| Ilustrasi warung internet (warnet). (sumber : hipwee.com) |
Pada era sekarang, sudah jarang ditemui beberapa warung internet yang beroperasi di pinggir jalan. Semua sudah tergantikan oleh smartphone yang telah dimiliki hampir semua orang yang memiliki fitur akses internet seperti mengakses internet dengan komputer di warnet. Hal ini sangatlah berbeda dengan beberapa tahun yang lalu saat teknologi belum secanggih saat ini.
Bagi anak-anak remaja yang tumbuh di era 2000-an, pasti sangat mengenal istilah warung internet atau warnet. Apakah kalian sering main ke warnet setelah pulang sekolah? Jika iya, berarti kita seumuran. Pada tahun 2008, warnet adalah tempat yang paling ramai dikunjungi di daerahku. Berbagai kalangan sering datang ke tempat itu secara bergantian hingga malam hari. Saat itu, mengunjungi warnet adalah suatu hal yang menyenangkan karena mengakses internet tidak semudah saat ini karena sudah ada WiFi.

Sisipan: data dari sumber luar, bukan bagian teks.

lemma piece_minus_I_int:
  assumes "k \<in> {1..n}" "t \<in> piece k" "t \<notin> I_int a k"
  obtains j where "j \<in> {1..n}" "k = Suc j" "t = alpha_pt a k" "t \<in> I_int a j" "S_inv a j t = 1"
proof -
  have "k \<noteq> 1"
    using assms by (auto simp: I_int_def numeral_2_eq_2)
  then obtain j where j: "j \<in> {1..n}" "k = Suc j"
    using assms(1) by (cases k) auto
  have t: "t = alpha_pt a k"
    using assms \<open>k \<noteq> 1\<close> by (auto simp: I_int_def)
  have "t \<in> I_int a j"
    using t j alpha_pt_less_Suc[of j] alpha_pt_bounds[of 2] n_pos
    by (auto simp: I_int_def numeral_2_eq_2)
  moreover have "S_inv a j t = 1"
    using t j alpha_pt_Suc[of j] a_pos[of j] by (auto simp: S_inv_def)
  ultimately show thesis
    using that j t by blast
qed

lemma closure_I_int: "k \<in> {1..n} \<Longrightarrow> closure (I_int a k) = piece k"
  using alpha_pt_less_Suc[of k] by (auto simp: I_int_def numeral_2_eq_2)

end

lemma lipschitz_on_limit:
  fixes g :: "nat \<Rightarrow> 'a::metric_space \<Rightarrow> 'b::metric_space"
  assumes "\<And>m. B-lipschitz_on U (g m)" and "\<And>x. x \<in> U \<Longrightarrow> (\<lambda>m. g m x) \<longlonglongrightarrow> f x"
  shows "B-lipschitz_on U f"
proof (rule lipschitz_onI)
  fix x y assume x: "x \<in> U" and y: "y \<in> U"
  have lim: "(\<lambda>m. dist (g m x) (g m y)) \<longlonglongrightarrow> dist (f x) (f y)"
    using assms(2)[OF x] assms(2)[OF y] by (rule tendsto_dist)
  have "dist (g m x) (g m y) \<le> B * dist x y" for m
    using lipschitz_onD[OF assms(1) x y] .
  then show "dist (f x) (f y) \<le> B * dist x y"
    by (intro LIMSEQ_le_const2[OF lim]) blast
qed (rule lipschitz_on_nonneg[OF assms(1)])

lemma tendsto_if_dist_le_geometric:
  fixes x :: "'a::real_normed_vector"
  assumes "\<forall>m. norm (g m - x) \<le> q ^ m * M" and "0 \<le> q" "q < 1"
  shows "g \<longlonglongrightarrow> x"
proof -
  have "(\<lambda>m. q ^ m * M) \<longlonglongrightarrow> 0"
    using assms(2,3) by (intro tendsto_mult_left_zero LIMSEQ_power_zero) simp
  with assms(1) have "(\<lambda>m. g m - x) \<longlonglongrightarrow> 0"
    by (rule Lim_null_comparison[OF always_eventually])
  then show ?thesis
    by (rule LIM_zero_cancel)
qed

lemma holder_on_if_lipschitz_on:
  assumes "B-lipschitz_on A f" "A \<subseteq> {0..1}" "0 < \<alpha>" "\<alpha> \<le> 1"
  shows "holder_on \<alpha> A f"
  unfolding holder_on_def
proof (intro exI[of _ B] ballI impI)
  fix x y assume x: "x \<in> A" and y: "y \<in> A" and "x \<noteq> y"
  moreover have "x \<in> {0..1}" "y \<in> {0..1}"
    using assms(2) x y by auto
  ultimately have pos: "0 < \<bar>x - y\<bar>" and le1: "\<bar>x - y\<bar> \<le> 1"
    by auto
  have "\<bar>f x - f y\<bar> / \<bar>x - y\<bar> powr \<alpha> \<le> B * \<bar>x - y\<bar> / \<bar>x - y\<bar> powr \<alpha>"
    using lipschitz_onD[OF assms(1) x y] pos by (simp add: dist_real_def divide_right_mono)
  also have "\<dots> = B * \<bar>x - y\<bar> powr (1 - \<alpha>)"
    using pos by (simp add: powr_diff)
  also have "\<dots> \<le> B"
    using le1 assms(3,4) lipschitz_on_nonneg[OF assms(1)] by (intro mult_left_le powr_le1) auto
  finally show "\<bar>f x - f y\<bar> / \<bar>x - y\<bar> powr \<alpha> \<le> B" .
qed

lemma exists_lipschitz_bound_preserved:
  fixes K :: "'i set" and a c d :: "'i \<Rightarrow> real"
  assumes "finite K" and d_less: "\<And>k. k \<in> K \<Longrightarrow> \<bar>d k\<bar> < a k"
  shows "\<exists>B\<ge>b. \<forall>k\<in>K. \<bar>d k\<bar> * B / a k + \<bar>c k\<bar> \<le> B"
proof -
  define r where "r k = \<bar>c k\<bar> * a k / (a k - \<bar>d k\<bar>)" for k
  define B where "B = max b 0 + (\<Sum>k\<in>K. r k)"
  have r_nonneg: "0 \<le> r k" if "k \<in> K" for k
    using d_less[OF that] unfolding r_def by simp
  have sum_r: "0 \<le> (\<Sum>k\<in>K. r k)"
    using r_nonneg by (rule sum_nonneg)
  have "\<bar>d k\<bar> * B / a k + \<bar>c k\<bar> \<le> B" if k: "k \<in> K" for k
  proof -
    have gap: "0 < a k - \<bar>d k\<bar>"
      using d_less[OF k] by simp
    have "r k \<le> (\<Sum>k\<in>K. r k)"
      using assms(1) k r_nonneg by (intro member_le_sum) auto
    then have "r k \<le> B"
      unfolding B_def by linarith
    then have "\<bar>c k\<bar> * a k \<le> B * (a k - \<bar>d k\<bar>)"
      using gap unfolding r_def by (simp add: pos_divide_le_eq)
    then have "\<bar>d k\<bar> * B + \<bar>c k\<bar> * a k \<le> B * a k"
      by (simp add: algebra_simps)
    moreover have "0 < a k"
      using gap by linarith
    ultimately show ?thesis
      by (simp add: field_simps)
  qed
  moreover have "b \<le> B"
    using sum_r unfolding B_def by linarith
  ultimately show ?thesis
    by blast
qed

locale self_similar_fixpoint = unit_partition +
  fixes c d \<beta> :: "nat \<Rightarrow> real" and f :: "real \<Rightarrow> real"
  assumes f_cont: "continuous_on {0..1} f"
    and f_fixed: "\<And>t. t \<in> {0..1} \<Longrightarrow> f t = G_op n a c d \<beta> f t"
begin

abbreviation G :: "(real \<Rightarrow> real) \<Rightarrow> real \<Rightarrow> real" where
  "G \<equiv> G_op n a c d \<beta>"

text \<open>The fixed point equation holds on I_int a k, hence by continuity on its closure.\<close>
lemma fixed_on_piece:
  assumes k: "k \<in> {1..n}" and t: "t \<in> piece k"
  shows "f t = d k * f (S_inv a k t) + c k * t + \<beta> k"
proof -
  let ?r = "\<lambda>t. f t - (d k * f (S_inv a k t) + c k * t + \<beta> k)"
  have "continuous_on (piece k) (S_inv a k)"
    unfolding S_inv_def using a_pos[OF k] by (intro continuous_intros) simp
  then have "continuous_on (piece k) (\<lambda>t. f (S_inv a k t))"
    by (rule continuous_on_compose2[OF f_cont]) (use S_inv_piece[OF k] in blast)
  then have "continuous_on (closure (I_int a k)) ?r"
    unfolding closure_I_int[OF k]
    using continuous_on_subset[OF f_cont piece_subset_unit[OF k]] by (intro continuous_intros)
  moreover have "?r s = 0" if s: "s \<in> I_int a k" for s
  proof -
    have "s \<in> {0..1}"
      using s I_int_subset_piece[OF k] piece_subset_unit[OF k] by blast
    then have "f s = G f s"
      by (rule f_fixed)
    then show ?thesis
      unfolding G_op_on_I_int[OF k s] by simp
  qed
  moreover have "t \<in> closure (I_int a k)"
    using t closure_I_int[OF k] by simp
  ultimately have "?r t = 0"
    by (rule continuous_constant_on_closure)
  then show ?thesis
    by simp
qed

text \<open>If h agrees with f at the end points, the point shared by two consecutive pieces
  causes no conflict.\<close>
lemma G_on_piece:
  assumes "h 0 = f 0" "h 1 = f 1" and k: "k \<in> {1..n}" and t: "t \<in> piece k"
  shows "G h t = d k * h (S_inv a k t) + c k * t + \<beta> k"
proof (cases "t \<in> I_int a k")
  case False
  then obtain j where j: "j \<in> {1..n}" "t = alpha_pt a k" "t \<in> I_int a j" "S_inv a j t = 1"
    using piece_minus_I_int[OF k t] by blast
  have "G h t = G f t"
    using G_op_on_I_int[OF j(1,3), of _ _ _ h] G_op_on_I_int[OF j(1,3), of _ _ _ f] j(4) assms(2)
    by simp
  also have "\<dots> = d k * f (S_inv a k t) + c k * t + \<beta> k"
    using f_fixed[of t] fixed_on_piece[OF k t] piece_subset_unit[OF k] t by auto
  finally show ?thesis
    using j(2) assms(1) by (simp add: S_inv_def)
qed (rule G_op_on_I_int[OF k])

lemma G_endpoints:
  assumes "h 0 = f 0" "h 1 = f 1"
  shows "G h 0 = f 0" "G h 1 = f 1"
proof -
  have "1 \<in> {1..n}" "n \<in> {1..n}"
    using n_pos by auto
  moreover have "0 \<in> piece 1" "1 \<in> piece n"
    using alpha_pt_bounds[of 2] n_pos alpha_pt_last alpha_pt_bounds[of n]
    by (auto simp: numeral_2_eq_2)
  moreover have "S_inv a 1 0 = 0" "S_inv a n 1 = 1"
    using alpha_pt_Suc[of n] alpha_pt_last a_pos[of n] n_pos by (auto simp: S_inv_def)
  ultimately show "G h 0 = f 0" "G h 1 = f 1"
    using G_on_piece[OF assms] fixed_on_piece assms by metis+
qed

lemma G_lipschitz:
  assumes "h 0 = f 0" "h 1 = f 1" and h_lip: "B-lipschitz_on {0..1} h"
    and B: "\<And>k. k \<in> {1..n} \<Longrightarrow> \<bar>d k\<bar> * B / a k + \<bar>c k\<bar> \<le> B"
  shows "B-lipschitz_on {0..1} (G h)"
proof (rule lipschitz_on_closed_Union[where I = "{1..n}" and U = piece])
  fix k assume k: "k \<in> {1..n}"
  show "B-lipschitz_on (piece k) (G h)"
  proof (rule lipschitz_onI)
    fix x y assume x: "x \<in> piece k" and y: "y \<in> piece k"
    have h: "\<bar>h (S_inv a k x) - h (S_inv a k y)\<bar> \<le> B * (\<bar>x - y\<bar> / a k)"
      using lipschitz_onD[OF h_lip S_inv_piece[OF k x] S_inv_piece[OF k y]] S_inv_dist a_pos[OF k]
      by (simp add: dist_real_def)
    have "G h x - G h y = d k * (h (S_inv a k x) - h (S_inv a k y)) + c k * (x - y)"
      using G_on_piece[OF assms(1,2) k x] G_on_piece[OF assms(1,2) k y] by (simp add: algebra_simps)
    then have "\<bar>G h x - G h y\<bar> \<le> \<bar>d k\<bar> * \<bar>h (S_inv a k x) - h (S_inv a k y)\<bar> + \<bar>c k\<bar> * \<bar>x - y\<bar>"
      by (metis abs_triangle_ineq abs_mult)
    also have "\<dots> \<le> \<bar>d k\<bar> * (B * (\<bar>x - y\<bar> / a k)) + \<bar>c k\<bar> * \<bar>x - y\<bar>"
      using h by (intro add_mono mult_left_mono) auto
    also have "\<dots> = (\<bar>d k\<bar> * B / a k + \<bar>c k\<bar>) * \<bar>x - y\<bar>"
      by (simp add: algebra_simps)
    also have "\<dots> \<le> B * \<bar>x - y\<bar>"
      using B[OF k] by (intro mult_right_mono) auto
    finally show "dist (G h x) (G h y) \<le> B * dist x y"
      by (simp add: dist_real_def)
  qed (rule lipschitz_on_nonneg[OF h_lip])
next
  show "{0..1} \<subseteq> (\<Union>k\<in>{1..n}. piece k)"
    using unit_eq_UN_piece by (rule equalityD1)
qed (use lipschitz_on_nonneg[OF h_lip] in auto)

Hanya dengan uang 2.000 sampai 3.000 rupiah, semua orang sudah bisa akses internet di warnet. Namun hal yang menyebalkan adalah jika tiba pada saat malam Minggu. Warnet sangat penuh sekali dan harus menunggu satu jam jika tidak ada antrian. Kalau ada antrian, ya bisa berjam-jam. Namun aku pernah beruntung bisa akses internet di warnet pada saat malam Minggu. Karena aku akses internetnya pada jam 6 sore, maka belum ada antrian karena biasanya antriannya di atas jam 7 malam. Pada saat itu, rata-rata yang akses internet adalah anak muda. Beruntung aku bisa dapat bilik komputer jam segitu sehingga aku bisa akses media sosial pada waktu itu, Friendster.

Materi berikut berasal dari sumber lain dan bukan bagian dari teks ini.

lemma integral_fourier_series_mult:
  assumes summable: "(\<lambda>k. norm (c k)) summable_on UNIV" and w: "continuous_on {0..2*pi} w"
  shows "integral {0..2*pi} (\<lambda>\<theta>. fourier_series c \<theta> * w \<theta>) = 2 * pi * (\<Sum>\<^sub>\<infinity>k. c k * fc w (-k))"
proof -
  define P where "P N \<theta> = (\<Sum>k\<in>{-int N..int N}. c k * fourier_mode k \<theta>)" for N \<theta>
  obtain B where B: "\<And>k. norm (fc w k) \<le> B"
    using fc_bounded[OF w] by blast
  have "(\<lambda>k. norm (c k * fc w (-k))) summable_on UNIV"
    by (rule summable_on_comparison_test[OF summable_on_cmult_left[OF summable, of B]])
       (simp_all add: norm_mult mult_left_mono B)
  then have coeffs: "(\<lambda>k. c k * fc w (-k)) summable_on UNIV"
    by (rule abs_summable_summable)
  have "bounded (fourier_series c ` {0..2*pi})"
    using norm_fourier_series_le[OF summable] by (auto intro!: boundedI)
  moreover have "bounded (w ` {0..2*pi})"
    by (intro compact_imp_bounded compact_continuous_image w compact_Icc)
  moreover have "uniform_limit {0..2*pi} P (fourier_series c) sequentially"
    unfolding P_def by (rule uniform_limit_on_subset[OF uniform_limit_fourier_series[OF summable]]) simp
  ultimately have ulim: "uniform_limit {0..2*pi} (\<lambda>N \<theta>. P N \<theta> * w \<theta>) (\<lambda>\<theta>. fourier_series c \<theta> * w \<theta>) sequentially"
    by (intro uniform_lim_mult uniform_limit_const)
  have cont: "continuous_on {0..2*pi} (\<lambda>\<theta>. P N \<theta> * w \<theta>)" for N
    unfolding P_def by (intro continuous_intros w)
  obtain I J where I: "\<And>N. ((\<lambda>\<theta>. P N \<theta> * w \<theta>) has_integral I N) {0..2*pi}"
    and J: "((\<lambda>\<theta>. fourier_series c \<theta> * w \<theta>) has_integral J) {0..2*pi}" and "I \<longlonglongrightarrow> J"
    using uniform_limit_integral[OF ulim cont trivial_limit_sequentially] by blast
  have "I = (\<lambda>N. 2 * pi * (\<Sum>k\<in>{-int N..int N}. c k * fc w (-k)))"
  proof
    fix N
    have "I N = integral {0..2*pi} (\<lambda>\<theta>. \<Sum>k\<in>{-int N..int N}. c k * (fourier_mode k \<theta> * w \<theta>))"
      using integral_unique[OF I[of N]] by (simp add: P_def sum_distrib_right mult.assoc)
    also have "\<dots> = (\<Sum>k\<in>{-int N..int N}. integral {0..2*pi} (\<lambda>\<theta>. c k * (fourier_mode k \<theta> * w \<theta>)))"
      by (rule Henstock_Kurzweil_Integration.integral_sum)
         (simp, intro ballI integrable_continuous_interval continuous_intros w)
    also have "\<dots> = (\<Sum>k\<in>{-int N..int N}. c k * (2 * pi * fc w (-k)))"
      by (simp only: integral_mult_right integral_fourier_mode_mult)
    finally show "I N = 2 * pi * (\<Sum>k\<in>{-int N..int N}. c k * fc w (-k))"
      by (simp add: sum_distrib_left mult_ac)
  qed
  with \<open>I \<longlonglongrightarrow> J\<close> have "(\<lambda>N. 2 * pi * (\<Sum>k\<in>{-int N..int N}. c k * fc w (-k))) \<longlonglongrightarrow> J"
    by (simp only:)
  moreover have "(\<lambda>N. 2 * pi * (\<Sum>k\<in>{-int N..int N}. c k * fc w (-k))) \<longlonglongrightarrow> 2 * pi * (\<Sum>\<^sub>\<infinity>k. c k * fc w (-k))"
    by (intro tendsto_mult_left tendsto_infsum_symmetric_partial_sums coeffs)
  ultimately show ?thesis
    using integral_unique[OF J] by (simp add: LIMSEQ_unique)
qed
theorem mainTheorem7:
  fixes r n :: nat and a g :: "nat \<Rightarrow> bool list \<Rightarrow> bool"
  assumes "r \<ge> 4" and "even r" and "n = r + 2"
    and "\<forall>i\<in>{1..4}. bent r (a i)"
    and "\<forall>u\<in>vecs r. ((bent_dual r (a 1) u \<noteq> bent_dual r (a 2) u)
                        \<noteq> (bent_dual r (a 3) u \<noteq> bent_dual r (a 4) u))"
    and "\<forall>i\<in>{1..4}. semibent r (\<lambda>x. a i x \<noteq> g i x)"
    and "\<forall>i\<in>{1..4}. \<forall>j\<in>{1..4}. i \<noteq> j \<longrightarrow>
           wsupp r (\<lambda>x. a i x \<noteq> g i x) \<inter> wsupp r (\<lambda>x. a j x \<noteq> g j x) = {}"
  shows "(\<forall>i\<in>{1..4}. \<forall>w\<in>vecs n. walsh n (frakf r (a i) (g i)) w \<in>
             {0, 2 ^ (n div 2), - (2 ^ (n div 2)), 2 ^ ((n + 2) div 2), - (2 ^ ((n + 2) div 2))})
       \<and> (\<forall>i\<in>{1..4}. \<forall>j\<in>{1..4}. i \<noteq> j \<longrightarrow>
             S1 n (frakf r (a i) (g i)) \<inter> S1 n (frakf r (a j) (g j)) = {})
       \<and> (\<exists>S. (\<forall>i\<in>{1..4}. S2 n (frakf r (a i) (g i)) = S)
             \<and> (\<forall>w\<in>S. ((dual2 n (frakf r (a 1) (g 1)) w \<noteq> dual2 n (frakf r (a 2) (g 2)) w)
                      \<noteq> (dual2 n (frakf r (a 3) (g 3)) w \<noteq> dual2 n (frakf r (a 4) (g 4)) w))))"
proof -
  have n2: "n + 2 = r + 4"
    using assms(3) by simp
  have "\<forall>i\<in>{1..4}. \<forall>w\<in>vecs n. walsh n (frakf r (a i) (g i)) w \<in>
          {0, 2 ^ (n div 2), - (2 ^ (n div 2)), 2 ^ ((n + 2) div 2), - (2 ^ ((n + 2) div 2))}"
    unfolding n2 unfolding assms(3) using assms(4,6) by (intro ballI walsh_frakf_values) auto
  moreover have "\<forall>i\<in>{1..4}. \<forall>j\<in>{1..4}. i \<noteq> j \<longrightarrow>
          S1 n (frakf r (a i) (g i)) \<inter> S1 n (frakf r (a j) (g j)) = {}"
    unfolding assms(3) using assms(4,6,7) by (intro ballI impI S1_frakf_disjoint) auto
  moreover have "\<forall>i\<in>{1..4}. S2 n (frakf r (a i) (g i)) = {u @ [v, v] | u v. u \<in> vecs r}"
    unfolding assms(3) using assms(4,6) by (intro ballI S2_frakf) auto
  moreover have "\<forall>w\<in>{u @ [v, v] | u v. u \<in> vecs r}.
          (dual2 n (frakf r (a 1) (g 1)) w \<noteq> dual2 n (frakf r (a 2) (g 2)) w)
          \<noteq> (dual2 n (frakf r (a 3) (g 3)) w \<noteq> dual2 n (frakf r (a 4) (g 4)) w)"
    (is "\<forall>w\<in>?S. ?duals_sum w")
  proof
    fix w assume "w \<in> ?S"
    then obtain u v where u: "u \<in> vecs r" and w: "w = u @ [v, v]"
      by blast
    have "dual2 n (frakf r (a i) (g i)) w \<longleftrightarrow> v \<noteq> bent_dual r (a i) u" if "i \<in> {1..4}" for i
      using walsh_frakf_diagonal(2) [OF assms(4) [rule_format, OF that] u] unfolding w assms(3) .
    then show "?duals_sum w"
      using assms(5) u by auto
  qed
  ultimately show ?thesis
    by blast
qed

end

Jika kalian bertanya-tanya apa itu Friendster? Friendster adalah media sosial yang paling banyak digunakan pada masa itu sebelum akhirnya ada Facebook, Twitter, dan Instagram pada masa sekarang. Fiturnya pun sama dengan ketiga media sosial tersebut, yaitu bikin status, dan posting foto. Namun saat ini, warnet tinggallah kenangan. Beberapa warnet yang ada di daerahku telah gulung tikar karena telah tergeser oleh teknologi WiFi yang sudah dipasang di tempat-tempat umum. Meskipun warnet telah tiada, namun kenangannya masih ada di dalam ingatan penggunanya dulu. Malam Minggu rasanya kurang jika tidak main ke warnet, kalau menurutku sih. Kalau kalian gimana nih pengalaman kalian dulu waktu main ke warnet? Boleh diceritakan di kolom komentar. Sekian dulu dari saya dan selamat bermalam Minggu.